(PROBLEM REQUIREMENTS) Read through the lines below and copy the ones holding the string "ultimately".

(PROVIDED RECORDS begins)

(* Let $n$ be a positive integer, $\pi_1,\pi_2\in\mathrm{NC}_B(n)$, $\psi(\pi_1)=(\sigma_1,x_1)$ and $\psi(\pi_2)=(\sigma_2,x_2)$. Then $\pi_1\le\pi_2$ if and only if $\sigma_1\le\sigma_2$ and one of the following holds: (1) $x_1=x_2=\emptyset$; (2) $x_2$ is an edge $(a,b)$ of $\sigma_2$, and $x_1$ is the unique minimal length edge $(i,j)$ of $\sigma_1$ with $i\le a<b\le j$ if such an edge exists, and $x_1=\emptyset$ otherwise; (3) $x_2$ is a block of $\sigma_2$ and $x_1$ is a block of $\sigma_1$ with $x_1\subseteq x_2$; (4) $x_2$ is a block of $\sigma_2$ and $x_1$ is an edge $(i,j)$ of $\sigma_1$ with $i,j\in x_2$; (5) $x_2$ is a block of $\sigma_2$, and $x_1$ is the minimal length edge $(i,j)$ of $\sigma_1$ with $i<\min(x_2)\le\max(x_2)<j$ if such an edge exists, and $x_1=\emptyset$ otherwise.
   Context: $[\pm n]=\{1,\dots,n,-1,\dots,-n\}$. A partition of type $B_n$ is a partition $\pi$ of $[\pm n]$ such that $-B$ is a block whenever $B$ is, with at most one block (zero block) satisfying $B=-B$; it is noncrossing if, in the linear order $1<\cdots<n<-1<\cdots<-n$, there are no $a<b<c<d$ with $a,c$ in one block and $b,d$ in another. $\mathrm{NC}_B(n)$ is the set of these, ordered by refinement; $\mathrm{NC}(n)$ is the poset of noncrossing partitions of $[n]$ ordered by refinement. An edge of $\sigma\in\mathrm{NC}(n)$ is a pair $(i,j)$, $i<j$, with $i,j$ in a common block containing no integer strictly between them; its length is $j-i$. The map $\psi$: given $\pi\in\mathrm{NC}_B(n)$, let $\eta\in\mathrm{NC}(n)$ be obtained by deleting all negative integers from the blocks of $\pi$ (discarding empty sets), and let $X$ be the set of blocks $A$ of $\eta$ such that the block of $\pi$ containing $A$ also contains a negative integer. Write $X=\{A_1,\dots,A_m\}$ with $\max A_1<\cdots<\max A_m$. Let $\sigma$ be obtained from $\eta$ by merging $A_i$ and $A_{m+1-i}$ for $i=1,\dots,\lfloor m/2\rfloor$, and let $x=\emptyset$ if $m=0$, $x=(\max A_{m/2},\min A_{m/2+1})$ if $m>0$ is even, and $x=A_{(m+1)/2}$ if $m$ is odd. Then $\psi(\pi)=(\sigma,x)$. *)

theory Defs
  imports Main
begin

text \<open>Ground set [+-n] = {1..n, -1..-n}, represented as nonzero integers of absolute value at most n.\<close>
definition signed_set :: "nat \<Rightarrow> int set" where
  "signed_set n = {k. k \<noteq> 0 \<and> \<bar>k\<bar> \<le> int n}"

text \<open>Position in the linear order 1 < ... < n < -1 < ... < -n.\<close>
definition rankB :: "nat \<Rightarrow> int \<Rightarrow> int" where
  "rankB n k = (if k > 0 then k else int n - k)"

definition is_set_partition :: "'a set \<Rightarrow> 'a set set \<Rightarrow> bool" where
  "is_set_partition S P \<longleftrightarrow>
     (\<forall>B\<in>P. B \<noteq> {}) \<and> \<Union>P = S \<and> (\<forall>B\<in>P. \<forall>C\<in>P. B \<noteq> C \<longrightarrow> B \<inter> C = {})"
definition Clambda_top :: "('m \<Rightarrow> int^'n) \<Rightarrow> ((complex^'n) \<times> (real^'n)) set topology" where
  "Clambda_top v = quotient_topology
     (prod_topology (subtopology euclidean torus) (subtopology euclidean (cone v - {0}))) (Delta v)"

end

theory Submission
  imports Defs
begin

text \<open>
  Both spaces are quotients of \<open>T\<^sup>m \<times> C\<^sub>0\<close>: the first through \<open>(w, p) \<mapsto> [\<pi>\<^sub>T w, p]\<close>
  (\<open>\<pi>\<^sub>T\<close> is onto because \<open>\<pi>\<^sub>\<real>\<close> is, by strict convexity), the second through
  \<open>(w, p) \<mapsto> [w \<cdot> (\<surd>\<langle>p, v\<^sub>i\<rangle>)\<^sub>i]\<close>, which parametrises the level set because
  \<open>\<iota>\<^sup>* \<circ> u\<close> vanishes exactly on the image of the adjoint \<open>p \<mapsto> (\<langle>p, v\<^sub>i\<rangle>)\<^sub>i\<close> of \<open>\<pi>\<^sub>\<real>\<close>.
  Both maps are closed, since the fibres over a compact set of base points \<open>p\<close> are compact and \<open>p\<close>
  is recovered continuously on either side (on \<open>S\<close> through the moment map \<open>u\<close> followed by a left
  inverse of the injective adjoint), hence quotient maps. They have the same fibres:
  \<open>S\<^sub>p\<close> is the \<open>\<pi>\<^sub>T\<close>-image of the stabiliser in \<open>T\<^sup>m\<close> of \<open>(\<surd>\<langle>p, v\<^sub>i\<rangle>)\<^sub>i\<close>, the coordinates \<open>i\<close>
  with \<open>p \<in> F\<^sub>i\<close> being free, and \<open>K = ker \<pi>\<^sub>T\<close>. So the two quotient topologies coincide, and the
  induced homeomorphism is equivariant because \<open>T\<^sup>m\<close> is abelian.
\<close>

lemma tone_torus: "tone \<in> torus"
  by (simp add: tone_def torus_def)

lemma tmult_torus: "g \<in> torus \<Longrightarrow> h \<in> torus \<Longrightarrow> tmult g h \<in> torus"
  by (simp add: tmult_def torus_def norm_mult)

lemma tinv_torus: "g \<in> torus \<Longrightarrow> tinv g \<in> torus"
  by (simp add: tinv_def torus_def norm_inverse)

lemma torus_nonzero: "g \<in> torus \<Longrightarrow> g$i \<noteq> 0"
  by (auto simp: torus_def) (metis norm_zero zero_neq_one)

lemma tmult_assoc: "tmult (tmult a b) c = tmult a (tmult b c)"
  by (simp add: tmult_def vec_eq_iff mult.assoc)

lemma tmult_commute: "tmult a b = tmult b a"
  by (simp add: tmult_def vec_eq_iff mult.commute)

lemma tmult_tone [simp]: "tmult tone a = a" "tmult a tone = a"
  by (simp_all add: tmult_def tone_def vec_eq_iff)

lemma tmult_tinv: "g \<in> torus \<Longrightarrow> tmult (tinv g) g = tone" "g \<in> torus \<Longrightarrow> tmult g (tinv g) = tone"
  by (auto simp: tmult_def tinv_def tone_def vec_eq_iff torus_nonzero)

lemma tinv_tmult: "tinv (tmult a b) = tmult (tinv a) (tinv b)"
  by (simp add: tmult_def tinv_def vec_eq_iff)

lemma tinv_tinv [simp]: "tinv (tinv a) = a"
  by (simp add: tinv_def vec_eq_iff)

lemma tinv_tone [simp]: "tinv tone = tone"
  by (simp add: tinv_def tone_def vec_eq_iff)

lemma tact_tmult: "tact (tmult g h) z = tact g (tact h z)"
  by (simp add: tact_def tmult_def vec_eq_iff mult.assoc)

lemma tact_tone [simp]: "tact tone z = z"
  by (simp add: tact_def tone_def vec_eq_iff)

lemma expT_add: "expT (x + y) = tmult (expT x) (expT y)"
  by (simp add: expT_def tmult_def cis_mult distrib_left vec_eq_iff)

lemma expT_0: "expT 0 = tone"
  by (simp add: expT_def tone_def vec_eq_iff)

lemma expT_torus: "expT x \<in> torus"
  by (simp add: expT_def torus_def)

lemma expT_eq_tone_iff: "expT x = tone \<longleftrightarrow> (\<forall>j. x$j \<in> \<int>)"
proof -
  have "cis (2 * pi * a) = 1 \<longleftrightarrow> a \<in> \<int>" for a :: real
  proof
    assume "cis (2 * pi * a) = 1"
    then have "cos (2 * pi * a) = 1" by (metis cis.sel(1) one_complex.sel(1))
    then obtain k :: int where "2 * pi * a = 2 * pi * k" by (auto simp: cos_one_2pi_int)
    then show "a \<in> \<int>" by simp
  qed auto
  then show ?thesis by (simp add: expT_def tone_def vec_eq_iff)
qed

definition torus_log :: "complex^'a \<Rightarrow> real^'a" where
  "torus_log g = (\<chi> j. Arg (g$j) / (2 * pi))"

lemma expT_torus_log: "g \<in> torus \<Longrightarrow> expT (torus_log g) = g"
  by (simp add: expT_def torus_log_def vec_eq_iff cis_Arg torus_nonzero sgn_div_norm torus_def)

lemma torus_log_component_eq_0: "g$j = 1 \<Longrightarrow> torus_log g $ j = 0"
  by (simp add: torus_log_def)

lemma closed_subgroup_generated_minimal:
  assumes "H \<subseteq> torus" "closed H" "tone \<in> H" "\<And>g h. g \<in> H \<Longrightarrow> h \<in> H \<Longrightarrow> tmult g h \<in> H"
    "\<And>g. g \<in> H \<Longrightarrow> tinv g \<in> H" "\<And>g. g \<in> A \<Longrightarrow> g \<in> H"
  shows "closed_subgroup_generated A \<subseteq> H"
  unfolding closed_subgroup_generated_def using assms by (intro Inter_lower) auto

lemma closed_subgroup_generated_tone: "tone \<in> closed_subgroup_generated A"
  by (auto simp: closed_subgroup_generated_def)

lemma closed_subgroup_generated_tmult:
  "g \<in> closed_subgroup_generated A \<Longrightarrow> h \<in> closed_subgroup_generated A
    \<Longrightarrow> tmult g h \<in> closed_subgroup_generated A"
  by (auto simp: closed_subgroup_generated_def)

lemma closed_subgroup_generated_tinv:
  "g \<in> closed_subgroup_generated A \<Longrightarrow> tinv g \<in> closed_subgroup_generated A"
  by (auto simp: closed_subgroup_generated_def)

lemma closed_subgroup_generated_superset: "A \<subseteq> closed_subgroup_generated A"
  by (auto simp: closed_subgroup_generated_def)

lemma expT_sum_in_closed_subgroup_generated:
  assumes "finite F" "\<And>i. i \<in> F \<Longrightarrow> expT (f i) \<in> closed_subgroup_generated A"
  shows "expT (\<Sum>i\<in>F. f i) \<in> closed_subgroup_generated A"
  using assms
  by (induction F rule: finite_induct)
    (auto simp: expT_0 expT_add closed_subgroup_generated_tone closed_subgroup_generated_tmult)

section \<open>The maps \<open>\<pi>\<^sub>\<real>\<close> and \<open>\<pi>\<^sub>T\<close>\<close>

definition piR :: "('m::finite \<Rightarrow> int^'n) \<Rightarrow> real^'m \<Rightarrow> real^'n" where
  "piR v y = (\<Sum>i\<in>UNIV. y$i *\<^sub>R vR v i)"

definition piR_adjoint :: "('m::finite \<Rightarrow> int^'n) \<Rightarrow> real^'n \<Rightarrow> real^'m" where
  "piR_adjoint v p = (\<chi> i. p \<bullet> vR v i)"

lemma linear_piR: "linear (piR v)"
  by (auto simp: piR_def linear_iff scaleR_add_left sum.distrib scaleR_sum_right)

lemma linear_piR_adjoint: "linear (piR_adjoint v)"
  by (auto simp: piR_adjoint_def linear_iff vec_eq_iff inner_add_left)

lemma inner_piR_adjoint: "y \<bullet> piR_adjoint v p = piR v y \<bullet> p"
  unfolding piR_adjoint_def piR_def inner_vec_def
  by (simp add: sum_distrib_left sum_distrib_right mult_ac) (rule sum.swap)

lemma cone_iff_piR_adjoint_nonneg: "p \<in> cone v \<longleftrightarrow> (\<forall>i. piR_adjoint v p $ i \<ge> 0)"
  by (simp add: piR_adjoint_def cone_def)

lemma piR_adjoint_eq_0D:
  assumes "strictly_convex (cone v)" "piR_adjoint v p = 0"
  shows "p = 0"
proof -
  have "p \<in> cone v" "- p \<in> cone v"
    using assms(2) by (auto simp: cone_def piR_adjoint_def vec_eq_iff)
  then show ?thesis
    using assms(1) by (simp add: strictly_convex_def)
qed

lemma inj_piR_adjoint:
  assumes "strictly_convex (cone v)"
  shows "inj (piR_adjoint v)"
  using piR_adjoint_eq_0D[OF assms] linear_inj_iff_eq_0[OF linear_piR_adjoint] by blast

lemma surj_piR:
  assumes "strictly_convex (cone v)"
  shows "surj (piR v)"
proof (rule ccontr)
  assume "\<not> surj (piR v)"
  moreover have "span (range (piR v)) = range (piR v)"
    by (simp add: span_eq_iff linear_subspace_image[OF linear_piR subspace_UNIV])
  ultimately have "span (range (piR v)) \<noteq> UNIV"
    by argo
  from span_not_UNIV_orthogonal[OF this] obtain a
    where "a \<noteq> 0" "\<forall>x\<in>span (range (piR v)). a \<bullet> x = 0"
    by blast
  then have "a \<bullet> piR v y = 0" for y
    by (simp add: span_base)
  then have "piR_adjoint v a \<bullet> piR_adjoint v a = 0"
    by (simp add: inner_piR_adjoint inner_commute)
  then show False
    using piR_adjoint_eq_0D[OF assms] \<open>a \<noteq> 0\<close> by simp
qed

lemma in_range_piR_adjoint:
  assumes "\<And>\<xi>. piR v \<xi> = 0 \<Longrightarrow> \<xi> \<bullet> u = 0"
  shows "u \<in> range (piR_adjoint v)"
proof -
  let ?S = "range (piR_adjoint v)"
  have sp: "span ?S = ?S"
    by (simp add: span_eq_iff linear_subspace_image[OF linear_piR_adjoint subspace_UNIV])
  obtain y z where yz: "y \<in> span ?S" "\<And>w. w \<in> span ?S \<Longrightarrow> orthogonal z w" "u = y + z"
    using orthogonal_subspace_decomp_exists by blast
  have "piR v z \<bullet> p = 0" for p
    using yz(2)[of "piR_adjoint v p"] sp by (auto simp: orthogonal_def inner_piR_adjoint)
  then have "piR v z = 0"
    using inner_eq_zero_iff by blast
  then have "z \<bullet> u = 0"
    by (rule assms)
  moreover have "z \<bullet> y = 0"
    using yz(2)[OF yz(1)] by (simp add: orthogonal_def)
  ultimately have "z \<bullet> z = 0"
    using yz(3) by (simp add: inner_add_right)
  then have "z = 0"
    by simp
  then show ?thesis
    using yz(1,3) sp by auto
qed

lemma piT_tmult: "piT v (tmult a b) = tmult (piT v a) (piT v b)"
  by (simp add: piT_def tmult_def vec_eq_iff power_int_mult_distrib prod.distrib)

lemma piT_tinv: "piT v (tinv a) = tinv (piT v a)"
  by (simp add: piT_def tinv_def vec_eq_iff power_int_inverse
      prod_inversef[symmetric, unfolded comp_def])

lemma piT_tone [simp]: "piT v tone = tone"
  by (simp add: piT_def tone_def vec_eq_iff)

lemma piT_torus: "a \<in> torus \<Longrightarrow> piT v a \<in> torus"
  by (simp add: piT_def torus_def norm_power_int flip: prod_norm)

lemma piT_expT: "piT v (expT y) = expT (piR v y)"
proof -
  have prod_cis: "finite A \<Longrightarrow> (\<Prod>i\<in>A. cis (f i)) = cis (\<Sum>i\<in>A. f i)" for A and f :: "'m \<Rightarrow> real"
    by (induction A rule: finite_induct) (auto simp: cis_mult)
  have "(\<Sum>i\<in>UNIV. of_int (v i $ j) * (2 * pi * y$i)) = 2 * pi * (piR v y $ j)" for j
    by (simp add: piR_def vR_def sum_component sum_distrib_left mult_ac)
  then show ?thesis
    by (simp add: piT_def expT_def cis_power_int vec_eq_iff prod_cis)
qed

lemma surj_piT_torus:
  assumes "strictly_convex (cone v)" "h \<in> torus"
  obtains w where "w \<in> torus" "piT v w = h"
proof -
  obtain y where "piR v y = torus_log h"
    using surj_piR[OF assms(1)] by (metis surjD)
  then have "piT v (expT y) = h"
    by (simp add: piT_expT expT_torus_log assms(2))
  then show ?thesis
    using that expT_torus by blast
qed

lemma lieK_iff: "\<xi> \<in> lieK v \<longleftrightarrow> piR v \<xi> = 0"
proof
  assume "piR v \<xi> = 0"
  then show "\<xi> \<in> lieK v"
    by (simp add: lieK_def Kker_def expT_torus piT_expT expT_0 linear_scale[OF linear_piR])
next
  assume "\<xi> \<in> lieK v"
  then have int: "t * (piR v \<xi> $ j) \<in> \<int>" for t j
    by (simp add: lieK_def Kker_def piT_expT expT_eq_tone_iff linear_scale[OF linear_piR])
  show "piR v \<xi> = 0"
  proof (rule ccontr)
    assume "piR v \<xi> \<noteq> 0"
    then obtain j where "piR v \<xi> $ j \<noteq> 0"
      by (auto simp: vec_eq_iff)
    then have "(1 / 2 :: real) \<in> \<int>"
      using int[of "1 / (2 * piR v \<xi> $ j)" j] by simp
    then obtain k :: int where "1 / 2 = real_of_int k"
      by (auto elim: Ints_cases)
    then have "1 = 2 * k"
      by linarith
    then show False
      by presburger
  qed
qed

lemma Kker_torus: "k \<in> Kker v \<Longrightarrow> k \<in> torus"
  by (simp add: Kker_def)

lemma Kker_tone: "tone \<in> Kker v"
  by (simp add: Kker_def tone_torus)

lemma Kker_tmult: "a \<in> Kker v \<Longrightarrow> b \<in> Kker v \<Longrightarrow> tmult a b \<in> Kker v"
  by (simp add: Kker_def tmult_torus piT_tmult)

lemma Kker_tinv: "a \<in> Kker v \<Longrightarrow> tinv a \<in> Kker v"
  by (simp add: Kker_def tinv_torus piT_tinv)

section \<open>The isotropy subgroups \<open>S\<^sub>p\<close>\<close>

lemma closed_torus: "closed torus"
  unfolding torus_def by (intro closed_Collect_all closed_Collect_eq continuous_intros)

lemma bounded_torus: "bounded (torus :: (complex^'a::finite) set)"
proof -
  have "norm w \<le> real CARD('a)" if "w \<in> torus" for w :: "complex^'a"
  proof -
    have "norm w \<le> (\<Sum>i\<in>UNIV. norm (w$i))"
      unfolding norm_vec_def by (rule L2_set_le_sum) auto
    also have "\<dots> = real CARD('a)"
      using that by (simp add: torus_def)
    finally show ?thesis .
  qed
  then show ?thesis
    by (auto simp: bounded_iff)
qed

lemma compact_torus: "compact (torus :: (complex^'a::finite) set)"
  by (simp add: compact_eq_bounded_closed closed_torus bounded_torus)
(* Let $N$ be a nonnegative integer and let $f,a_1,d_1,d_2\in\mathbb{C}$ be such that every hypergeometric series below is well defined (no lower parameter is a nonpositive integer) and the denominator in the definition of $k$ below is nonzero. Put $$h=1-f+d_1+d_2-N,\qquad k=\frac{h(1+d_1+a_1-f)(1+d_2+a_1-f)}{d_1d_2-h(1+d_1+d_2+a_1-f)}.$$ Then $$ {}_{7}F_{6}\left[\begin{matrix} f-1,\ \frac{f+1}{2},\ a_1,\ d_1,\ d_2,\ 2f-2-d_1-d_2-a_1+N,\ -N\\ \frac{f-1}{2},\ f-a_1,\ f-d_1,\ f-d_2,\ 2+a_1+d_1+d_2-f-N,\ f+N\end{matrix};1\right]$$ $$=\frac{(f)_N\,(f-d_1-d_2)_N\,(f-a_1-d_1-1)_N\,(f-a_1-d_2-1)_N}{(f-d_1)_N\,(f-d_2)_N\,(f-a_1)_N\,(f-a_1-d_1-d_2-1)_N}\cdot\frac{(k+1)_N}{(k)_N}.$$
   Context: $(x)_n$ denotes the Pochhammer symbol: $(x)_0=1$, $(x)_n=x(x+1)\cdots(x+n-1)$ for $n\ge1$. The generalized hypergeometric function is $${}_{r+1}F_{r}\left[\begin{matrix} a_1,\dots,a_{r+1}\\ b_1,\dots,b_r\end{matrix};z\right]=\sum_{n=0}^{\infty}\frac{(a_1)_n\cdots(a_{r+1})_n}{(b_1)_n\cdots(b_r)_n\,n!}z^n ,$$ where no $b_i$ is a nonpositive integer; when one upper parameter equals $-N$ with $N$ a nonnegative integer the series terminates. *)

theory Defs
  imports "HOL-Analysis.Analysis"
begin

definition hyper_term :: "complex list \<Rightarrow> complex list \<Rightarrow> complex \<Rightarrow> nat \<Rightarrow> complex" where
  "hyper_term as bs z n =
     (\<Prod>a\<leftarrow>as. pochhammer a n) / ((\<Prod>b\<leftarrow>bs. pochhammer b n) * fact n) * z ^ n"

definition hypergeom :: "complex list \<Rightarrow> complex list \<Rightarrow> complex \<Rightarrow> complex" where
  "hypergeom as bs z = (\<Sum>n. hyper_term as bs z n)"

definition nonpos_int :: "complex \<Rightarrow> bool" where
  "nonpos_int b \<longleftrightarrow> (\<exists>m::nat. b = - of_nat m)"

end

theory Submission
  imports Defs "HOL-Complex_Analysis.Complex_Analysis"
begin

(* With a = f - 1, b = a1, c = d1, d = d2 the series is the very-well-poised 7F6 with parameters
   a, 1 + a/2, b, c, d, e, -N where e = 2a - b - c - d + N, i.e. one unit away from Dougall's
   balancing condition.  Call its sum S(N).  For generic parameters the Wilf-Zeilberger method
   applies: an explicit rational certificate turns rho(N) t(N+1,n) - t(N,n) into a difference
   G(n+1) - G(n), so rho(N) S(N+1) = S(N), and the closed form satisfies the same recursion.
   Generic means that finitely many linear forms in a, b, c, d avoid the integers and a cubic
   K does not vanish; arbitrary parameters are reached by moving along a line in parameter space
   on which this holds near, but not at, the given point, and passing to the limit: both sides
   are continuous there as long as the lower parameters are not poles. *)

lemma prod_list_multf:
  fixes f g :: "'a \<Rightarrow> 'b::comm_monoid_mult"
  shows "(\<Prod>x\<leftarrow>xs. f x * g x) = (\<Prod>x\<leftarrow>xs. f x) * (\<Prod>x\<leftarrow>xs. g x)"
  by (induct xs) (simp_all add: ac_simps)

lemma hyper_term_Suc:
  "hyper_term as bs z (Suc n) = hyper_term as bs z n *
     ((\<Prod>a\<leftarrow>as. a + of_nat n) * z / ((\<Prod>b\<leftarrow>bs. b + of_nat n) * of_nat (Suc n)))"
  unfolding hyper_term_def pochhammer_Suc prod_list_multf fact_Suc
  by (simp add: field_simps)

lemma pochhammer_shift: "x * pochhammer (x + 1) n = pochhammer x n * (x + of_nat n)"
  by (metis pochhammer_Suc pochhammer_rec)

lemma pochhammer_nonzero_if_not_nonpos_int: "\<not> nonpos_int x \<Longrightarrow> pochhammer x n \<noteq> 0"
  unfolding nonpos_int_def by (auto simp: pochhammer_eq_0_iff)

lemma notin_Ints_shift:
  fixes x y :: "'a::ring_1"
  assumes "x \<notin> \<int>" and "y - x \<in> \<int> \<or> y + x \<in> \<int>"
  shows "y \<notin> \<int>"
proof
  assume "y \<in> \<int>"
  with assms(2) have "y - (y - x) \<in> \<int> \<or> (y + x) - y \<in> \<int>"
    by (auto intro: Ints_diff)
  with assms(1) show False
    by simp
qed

(PROVIDED RECORDS ends)

(EXERCISE OUTPUT)
  ultimately have "span (range (piR v)) \<noteq> UNIV"
  ultimately have "z \<bullet> z = 0"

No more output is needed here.